Stored items

<<<<

(* Let $\varphi\in\mathcal{A}$ be w.h.i.s. Then, with $\pi:\mathcal{A}\to\mathcal{A}_\varphi$ the projection: every skew-symmetric $3$-derivation of $\mathcal{A}_\varphi$ is zero, so $H^3(\mathcal{A}_\varphi)=\{0\}$; the skew-symmetric $1$-derivations (resp. $2$-derivations) of $\mathcal{A}_\varphi$ are identified with $\{\pi(\vec f)\in\mathcal{A}_\varphi^3\mid\vec f\cdot\vec\nabla\varphi\in\langle\varphi\rangle\}$ (resp. $\{\pi(\vec f)\in\mathcal{A}_\varphi^3\mid\vec f\times\vec\nabla\varphi\in\langle\varphi\rangle\}$); and $H^0(\mathcal{A}_\varphi)\simeq\{\pi(f)\mid\vec\nabla f\times\vec\nabla\varphi\in\langle\varphi\rangle\}$, $H^1(\mathcal{A}_\varphi)\simeq\dfrac{\{\pi(\vec f)\mid\vec f\cdot\vec\nabla\varphi\in\langle\varphi\rangle,\ -\vec\nabla(\vec f\cdot\vec\nabla\varphi)+\mathrm{Div}(\vec f)\vec\nabla\varphi\in\langle\varphi\rangle\}}{\{\pi(\vec\nabla f\times\vec\nabla\varphi)\mid f\in\mathcal{A}\}}$, $H^2(\mathcal{A}_\varphi)\simeq\dfrac{\{\pi(\vec f)\mid\vec f\times\vec\nabla\varphi\in\langle\varphi\rangle\}}{\{\pi(-\vec\nabla(\vec f\cdot\vec\nabla\varphi)+\mathrm{Div}(\vec f)\vec\nabla\varphi)\mid\vec f\in\mathcal{A}^3,\ \vec f\cdot\vec\nabla\varphi\in\langle\varphi\rangle\}}$, where $\langle\varphi\rangle$ means the ideal (or submodule of $\mathcal{A}^3$) generated by $\varphi$.
   Context: $\mathbf{F}$ is a field of characteristic zero and $\mathcal{A}=\mathbf{F}[x,y,z]$. Elements of $\mathcal{A}^3$ are treated as vector fields: $\vec f\cdot\vec g$, $\vec f\times\vec g$ are the usual inner and cross products, $\vec\nabla f=(\partial f/\partial x,\partial f/\partial y,\partial f/\partial z)$, $\vec\nabla\times$ is the curl and $\mathrm{Div}$ the divergence. Fix positive integers $\varpi_1,\varpi_2,\varpi_3$ without common divisor $>1$ (weights of $x,y,z$). A nonzero polynomial is weight homogeneous of degree $d$ if it is an $\mathbf{F}$-linear combination of monomials $x^ay^bz^c$ with $a\varpi_1+b\varpi_2+c\varpi_3=d$. $\varphi\in\mathcal{A}$ is w.h.i.s. if it is weight homogeneous and $\mathcal{A}_{sing}:=\mathcal{A}/\langle\partial_x\varphi,\partial_y\varphi,\partial_z\varphi\rangle$ is a nonzero finite-dimensional $\mathbf{F}$-vector space. The Poisson bracket $\{\cdot,\cdot\}_\varphi$ on $\mathcal{A}$ is determined by $\{x,y\}_\varphi=\partial_z\varphi$, $\{y,z\}_\varphi=\partial_x\varphi$, $\{z,x\}_\varphi=\partial_y\varphi$; $\varphi$ is a Casimir, so it induces a Poisson bracket $\{\cdot,\cdot\}_{\mathcal{A}_\varphi}$ on $\mathcal{A}_\varphi:=\mathcal{A}/\langle\varphi\rangle$ with $\{\pi(f),\pi(g)\}_{\mathcal{A}_\varphi}=\pi(\{f,g\}_\varphi)$; for $\vec f=(f_1,f_2,f_3)$, $\pi(\vec f):=(\pi(f_1),\pi(f_2),\pi(f_3))$. For a Poisson algebra $(\mathcal{B},\{\cdot,\cdot\})$, the Poisson cochains of degree $k$ are the skew-symmetric $k$-derivations $Q:\mathcal{B}^k\to\mathcal{B}$, with coboundary $\delta Q(f_0,\dots,f_k)=\sum_i(-1)^i\{f_i,Q(f_0,\dots,\widehat{f_i},\dots,f_k)\}+\sum_{i<j}(-1)^{i+j}Q(\{f_i,f_j\},f_0,\dots,\widehat{f_i},\dots,\widehat{f_j},\dots,f_k)$; $H^k(\mathcal{A}_\varphi)$ denotes the resulting Poisson cohomology of $(\mathcal{A}_\varphi,\{\cdot,\cdot\}_{\mathcal{A}_\varphi})$. A $1$-derivation of $\mathcal{A}_\varphi$ is identified with $(Q[\pi x],Q[\pi y],Q[\pi z])$ and a $2$-derivation with $(Q[\pi y,\pi z],Q[\pi z,\pi x],Q[\pi x,\pi y])$. *)

theory Defs
  imports "HOL-Computational_Algebra.Polynomial" "HOL-Library.Function_Algebras"
          "HOL-Library.Product_Plus"
begin

text \<open>F[x,y,z] is represented as ((F[x])[y])[z], i.e. the type 'a poly poly poly:
  the outermost variable is z, the middle one y and the innermost one x.\<close>

type_synonym 'a mpoly = "'a poly poly poly"
type_synonym 'a vec3 = "'a mpoly \<times> 'a mpoly \<times> 'a mpoly"

definition varX :: "'a::idom mpoly" where "varX = [:[:[:0, 1:]:]:]"
definition varY :: "'a::idom mpoly" where "varY = [:[:0, 1:]:]"
definition varZ :: "'a::idom mpoly" where "varZ = [:0, 1:]"

definition mconst :: "'a::idom \<Rightarrow> 'a mpoly" where "mconst c = [:[:[:c:]:]:]"

definition mcoeff :: "'a::idom mpoly \<Rightarrow> nat \<Rightarrow> nat \<Rightarrow> nat \<Rightarrow> 'a" where
  "mcoeff p a b c = coeff (coeff (coeff p c) b) a"

definition dX :: "'a::idom mpoly \<Rightarrow> 'a mpoly" where "dX p = map_poly (map_poly pderiv) p"
definition dY :: "'a::idom mpoly \<Rightarrow> 'a mpoly" where "dY p = map_poly pderiv p"
definition dZ :: "'a::idom mpoly \<Rightarrow> 'a mpoly" where "dZ p = pderiv p"

definition grad :: "'a::idom mpoly \<Rightarrow> 'a vec3" where
  "grad f = (dX f, dY f, dZ f)"

definition dot :: "'a::idom vec3 \<Rightarrow> 'a vec3 \<Rightarrow> 'a mpoly" where
  "dot u v = (case u of (u1, u2, u3) \<Rightarrow> case v of (v1, v2, v3) \<Rightarrow> u1 * v1 + u2 * v2 + u3 * v3)"

definition cross :: "'a::idom vec3 \<Rightarrow> 'a vec3 \<Rightarrow> 'a vec3" where
  "cross u v = (case u of (u1, u2, u3) \<Rightarrow> case v of (v1, v2, v3) \<Rightarrow>
      (u2 * v3 - u3 * v2, u3 * v1 - u1 * v3, u1 * v2 - u2 * v1))"

definition Div :: "'a::idom vec3 \<Rightarrow> 'a mpoly" where
  "Div u = (case u of (u1, u2, u3) \<Rightarrow> dX u1 + dY u2 + dZ u3)"

definition vsmult :: "'a::idom mpoly \<Rightarrow> 'a vec3 \<Rightarrow> 'a vec3" where
  "vsmult g u = (case u of (u1, u2, u3) \<Rightarrow> (g * u1, g * u2, g * u3))"

definition in_ideal :: "'a::idom mpoly \<Rightarrow> 'a mpoly \<Rightarrow> bool" where
  "in_ideal \<phi> f \<longleftrightarrow> (\<exists>h. f = \<phi> * h)"

definition vin_ideal :: "'a::idom mpoly \<Rightarrow> 'a vec3 \<Rightarrow> bool" where
  "vin_ideal \<phi> u \<longleftrightarrow> in_ideal \<phi> (fst u) \<and> in_ideal \<phi> (fst (snd u)) \<and> in_ideal \<phi> (snd (snd u))"

definition weight_homogeneous ::
    "nat \<Rightarrow> nat \<Rightarrow> nat \<Rightarrow> nat \<Rightarrow> 'a::idom mpoly \<Rightarrow> bool" where
  "weight_homogeneous w1 w2 w3 d p \<longleftrightarrow> p \<noteq> 0 \<and>
     (\<forall>a b c. mcoeff p a b c \<noteq> 0 \<longrightarrow> a * w1 + b * w2 + c * w3 = d)"

definition jac_ideal :: "'a::idom mpoly \<Rightarrow> 'a mpoly set" where
  "jac_ideal \<phi> = {a * dX \<phi> + b * dY \<phi> + c * dZ \<phi> | a b c. True}"

text \<open>A_sing = A / jac_ideal is a nonzero finite-dimensional F-vector space.\<close>
definition Asing_nonzero_findim :: "'a::idom mpoly \<Rightarrow> bool" where
  "Asing_nonzero_findim \<phi> \<longleftrightarrow> 1 \<notin> jac_ideal \<phi> \<and>
     (\<exists>S. finite S \<and> (\<forall>p. \<exists>c. p - (\<Sum>s\<in>S. mconst (c s) * s) \<in> jac_ideal \<phi>))"

definition whis :: "nat \<Rightarrow> nat \<Rightarrow> nat \<Rightarrow> 'a::idom mpoly \<Rightarrow> bool" where
  "whis w1 w2 w3 \<phi> \<longleftrightarrow> (\<exists>d. weight_homogeneous w1 w2 w3 d \<phi>) \<and> Asing_nonzero_findim \<phi>"

text \<open>Poisson bracket on A: {f,g}_phi = grad f . (grad g x grad phi); on A_phi it is
  computed on representatives.\<close>
definition pb :: "'a::idom mpoly \<Rightarrow> 'a mpoly \<Rightarrow> 'a mpoly \<Rightarrow> 'a mpoly" where
  "pb \<phi> f g = dot (grad f) (cross (grad g) (grad \<phi>))"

>>>>

▸ **Exercise directions**
From the records above, transcribe without alteration every line from the one with "f, dY f, dZ" to the one with "u3) \<Rightarrow> dX", inclusive.

▸ **Exercise result**
  "grad f = (dX f, dY f, dZ f)"

definition dot :: "'a::idom vec3 \<Rightarrow> 'a vec3 \<Rightarrow> 'a mpoly" where
  "dot u v = (case u of (u1, u2, u3) \<Rightarrow> case v of (v1, v2, v3) \<Rightarrow> u1 * v1 + u2 * v2 + u3 * v3)"

definition cross :: "'a::idom vec3 \<Rightarrow> 'a vec3 \<Rightarrow> 'a vec3" where
  "cross u v = (case u of (u1, u2, u3) \<Rightarrow> case v of (v1, v2, v3) \<Rightarrow>
      (u2 * v3 - u3 * v2, u3 * v1 - u1 * v3, u1 * v2 - u2 * v1))"

definition Div :: "'a::idom vec3 \<Rightarrow> 'a mpoly" where
  "Div u = (case u of (u1, u2, u3) \<Rightarrow> dX u1 + dY u2 + dZ u3)"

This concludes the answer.